(Listed records Opens)

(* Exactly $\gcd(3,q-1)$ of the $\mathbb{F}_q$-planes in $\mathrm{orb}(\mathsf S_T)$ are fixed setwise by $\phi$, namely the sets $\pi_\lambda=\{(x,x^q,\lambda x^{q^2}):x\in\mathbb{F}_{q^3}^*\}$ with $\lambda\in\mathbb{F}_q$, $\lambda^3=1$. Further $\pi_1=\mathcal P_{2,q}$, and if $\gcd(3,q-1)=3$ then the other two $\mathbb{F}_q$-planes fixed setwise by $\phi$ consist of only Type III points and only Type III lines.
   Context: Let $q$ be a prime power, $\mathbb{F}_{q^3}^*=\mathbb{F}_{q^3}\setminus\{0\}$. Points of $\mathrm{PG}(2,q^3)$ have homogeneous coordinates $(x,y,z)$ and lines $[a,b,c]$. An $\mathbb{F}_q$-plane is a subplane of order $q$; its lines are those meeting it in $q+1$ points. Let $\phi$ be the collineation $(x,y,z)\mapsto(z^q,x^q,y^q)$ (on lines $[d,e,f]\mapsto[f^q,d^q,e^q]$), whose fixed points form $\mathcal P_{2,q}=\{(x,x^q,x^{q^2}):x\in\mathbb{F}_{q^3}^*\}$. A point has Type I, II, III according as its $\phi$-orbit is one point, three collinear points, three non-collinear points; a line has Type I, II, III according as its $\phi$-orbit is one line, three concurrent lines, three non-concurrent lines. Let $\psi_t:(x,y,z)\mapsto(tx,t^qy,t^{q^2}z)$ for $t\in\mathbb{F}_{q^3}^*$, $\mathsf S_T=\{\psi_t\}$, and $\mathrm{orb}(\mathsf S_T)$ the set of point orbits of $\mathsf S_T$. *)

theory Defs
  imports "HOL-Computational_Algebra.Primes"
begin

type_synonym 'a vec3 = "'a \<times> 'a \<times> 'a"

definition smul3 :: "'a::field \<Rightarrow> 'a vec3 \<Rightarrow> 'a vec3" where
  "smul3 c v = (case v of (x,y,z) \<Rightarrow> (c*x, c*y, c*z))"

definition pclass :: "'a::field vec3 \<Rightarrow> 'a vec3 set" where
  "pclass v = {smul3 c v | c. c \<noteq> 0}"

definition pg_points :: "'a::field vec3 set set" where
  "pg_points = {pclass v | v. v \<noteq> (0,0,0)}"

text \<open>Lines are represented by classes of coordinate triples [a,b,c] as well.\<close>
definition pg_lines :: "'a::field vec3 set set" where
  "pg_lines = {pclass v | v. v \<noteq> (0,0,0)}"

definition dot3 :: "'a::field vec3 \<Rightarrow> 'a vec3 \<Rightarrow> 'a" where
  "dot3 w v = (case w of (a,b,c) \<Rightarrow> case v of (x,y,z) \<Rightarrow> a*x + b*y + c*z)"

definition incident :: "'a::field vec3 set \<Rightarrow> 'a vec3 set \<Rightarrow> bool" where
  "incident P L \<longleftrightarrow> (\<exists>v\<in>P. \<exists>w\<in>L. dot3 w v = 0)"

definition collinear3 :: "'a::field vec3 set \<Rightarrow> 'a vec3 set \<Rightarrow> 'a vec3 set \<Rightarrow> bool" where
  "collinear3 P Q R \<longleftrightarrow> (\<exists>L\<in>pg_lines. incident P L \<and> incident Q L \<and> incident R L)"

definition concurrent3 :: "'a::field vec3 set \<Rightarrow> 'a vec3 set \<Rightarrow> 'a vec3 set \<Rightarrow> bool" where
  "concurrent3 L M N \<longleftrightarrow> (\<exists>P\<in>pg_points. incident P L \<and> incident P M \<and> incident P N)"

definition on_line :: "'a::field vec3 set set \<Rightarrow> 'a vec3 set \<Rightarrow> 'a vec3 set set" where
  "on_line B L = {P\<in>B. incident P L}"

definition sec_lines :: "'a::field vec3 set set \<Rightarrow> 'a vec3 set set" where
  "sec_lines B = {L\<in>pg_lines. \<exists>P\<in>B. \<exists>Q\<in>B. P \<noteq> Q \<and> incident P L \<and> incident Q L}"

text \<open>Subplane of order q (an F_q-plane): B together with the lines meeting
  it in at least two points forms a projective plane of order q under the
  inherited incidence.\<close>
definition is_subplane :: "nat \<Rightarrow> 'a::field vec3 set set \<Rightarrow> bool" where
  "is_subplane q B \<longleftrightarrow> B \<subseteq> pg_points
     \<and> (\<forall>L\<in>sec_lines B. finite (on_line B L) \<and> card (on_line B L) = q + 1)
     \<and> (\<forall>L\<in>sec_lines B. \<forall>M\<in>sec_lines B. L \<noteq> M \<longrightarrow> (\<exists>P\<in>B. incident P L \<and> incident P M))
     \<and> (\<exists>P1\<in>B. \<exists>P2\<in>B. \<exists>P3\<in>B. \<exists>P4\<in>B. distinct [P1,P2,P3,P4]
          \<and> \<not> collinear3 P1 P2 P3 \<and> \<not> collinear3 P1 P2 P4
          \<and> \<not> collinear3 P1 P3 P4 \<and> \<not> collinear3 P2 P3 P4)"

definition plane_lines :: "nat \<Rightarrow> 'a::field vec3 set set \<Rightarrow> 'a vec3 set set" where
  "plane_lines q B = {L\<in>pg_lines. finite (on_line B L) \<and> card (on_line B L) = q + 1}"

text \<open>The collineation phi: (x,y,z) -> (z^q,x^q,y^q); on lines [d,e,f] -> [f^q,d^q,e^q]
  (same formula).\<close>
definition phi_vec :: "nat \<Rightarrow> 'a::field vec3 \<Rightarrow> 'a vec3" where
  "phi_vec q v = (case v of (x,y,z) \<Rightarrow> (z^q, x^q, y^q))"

(Listed records Closes)
(Listed records Opens)

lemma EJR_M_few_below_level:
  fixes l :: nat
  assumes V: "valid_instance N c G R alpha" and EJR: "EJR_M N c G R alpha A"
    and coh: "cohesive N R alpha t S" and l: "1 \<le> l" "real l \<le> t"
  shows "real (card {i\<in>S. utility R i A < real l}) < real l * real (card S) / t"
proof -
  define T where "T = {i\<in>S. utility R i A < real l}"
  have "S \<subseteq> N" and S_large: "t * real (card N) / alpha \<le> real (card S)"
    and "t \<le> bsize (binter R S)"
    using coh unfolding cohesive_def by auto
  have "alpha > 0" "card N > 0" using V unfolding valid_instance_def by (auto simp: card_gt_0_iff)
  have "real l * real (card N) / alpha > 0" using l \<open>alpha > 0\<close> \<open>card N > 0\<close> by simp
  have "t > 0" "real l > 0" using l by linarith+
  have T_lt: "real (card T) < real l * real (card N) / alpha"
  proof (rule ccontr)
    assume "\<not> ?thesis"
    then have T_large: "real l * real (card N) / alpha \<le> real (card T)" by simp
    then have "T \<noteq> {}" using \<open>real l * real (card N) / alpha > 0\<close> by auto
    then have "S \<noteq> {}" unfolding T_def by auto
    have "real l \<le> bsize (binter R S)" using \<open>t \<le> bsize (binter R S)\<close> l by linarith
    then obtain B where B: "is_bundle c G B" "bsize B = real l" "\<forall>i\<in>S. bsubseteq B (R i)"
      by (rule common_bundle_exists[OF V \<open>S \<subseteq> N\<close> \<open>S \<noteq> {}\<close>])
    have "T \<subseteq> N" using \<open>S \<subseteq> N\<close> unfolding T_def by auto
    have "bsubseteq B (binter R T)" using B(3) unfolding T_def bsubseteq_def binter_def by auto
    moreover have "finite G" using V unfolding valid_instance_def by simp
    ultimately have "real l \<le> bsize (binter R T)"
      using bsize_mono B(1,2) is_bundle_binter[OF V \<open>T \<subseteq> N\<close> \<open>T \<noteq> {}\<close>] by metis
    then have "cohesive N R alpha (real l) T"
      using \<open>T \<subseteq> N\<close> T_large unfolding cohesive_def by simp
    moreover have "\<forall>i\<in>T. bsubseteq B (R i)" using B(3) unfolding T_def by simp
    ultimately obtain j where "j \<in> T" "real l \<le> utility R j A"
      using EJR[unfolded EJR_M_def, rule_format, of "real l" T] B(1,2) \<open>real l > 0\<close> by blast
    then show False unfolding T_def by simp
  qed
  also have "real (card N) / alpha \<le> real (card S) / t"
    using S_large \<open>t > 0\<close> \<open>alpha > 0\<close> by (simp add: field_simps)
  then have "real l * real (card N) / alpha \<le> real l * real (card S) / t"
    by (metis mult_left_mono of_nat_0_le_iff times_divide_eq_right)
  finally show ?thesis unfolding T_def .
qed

(Listed records Closes)

• _Task to carry out_: Please go through the data above and copy each line containing the word "meeting".

• _Your response_:
   Context: Let $q$ be a prime power, $\mathbb{F}_{q^3}^*=\mathbb{F}_{q^3}\setminus\{0\}$. Points of $\mathrm{PG}(2,q^3)$ have homogeneous coordinates $(x,y,z)$ and lines $[a,b,c]$. An $\mathbb{F}_q$-plane is a subplane of order $q$; its lines are those meeting it in $q+1$ points. Let $\phi$ be the collineation $(x,y,z)\mapsto(z^q,x^q,y^q)$ (on lines $[d,e,f]\mapsto[f^q,d^q,e^q]$), whose fixed points form $\mathcal P_{2,q}=\{(x,x^q,x^{q^2}):x\in\mathbb{F}_{q^3}^*\}$. A point has Type I, II, III according as its $\phi$-orbit is one point, three collinear points, three non-collinear points; a line has Type I, II, III according as its $\phi$-orbit is one line, three concurrent lines, three non-concurrent lines. Let $\psi_t:(x,y,z)\mapsto(tx,t^qy,t^{q^2}z)$ for $t\in\mathbb{F}_{q^3}^*$, $\mathsf S_T=\{\psi_t\}$, and $\mathrm{orb}(\mathsf S_T)$ the set of point orbits of $\mathsf S_T$. *)
text \<open>Subplane of order q (an F_q-plane): B together with the lines meeting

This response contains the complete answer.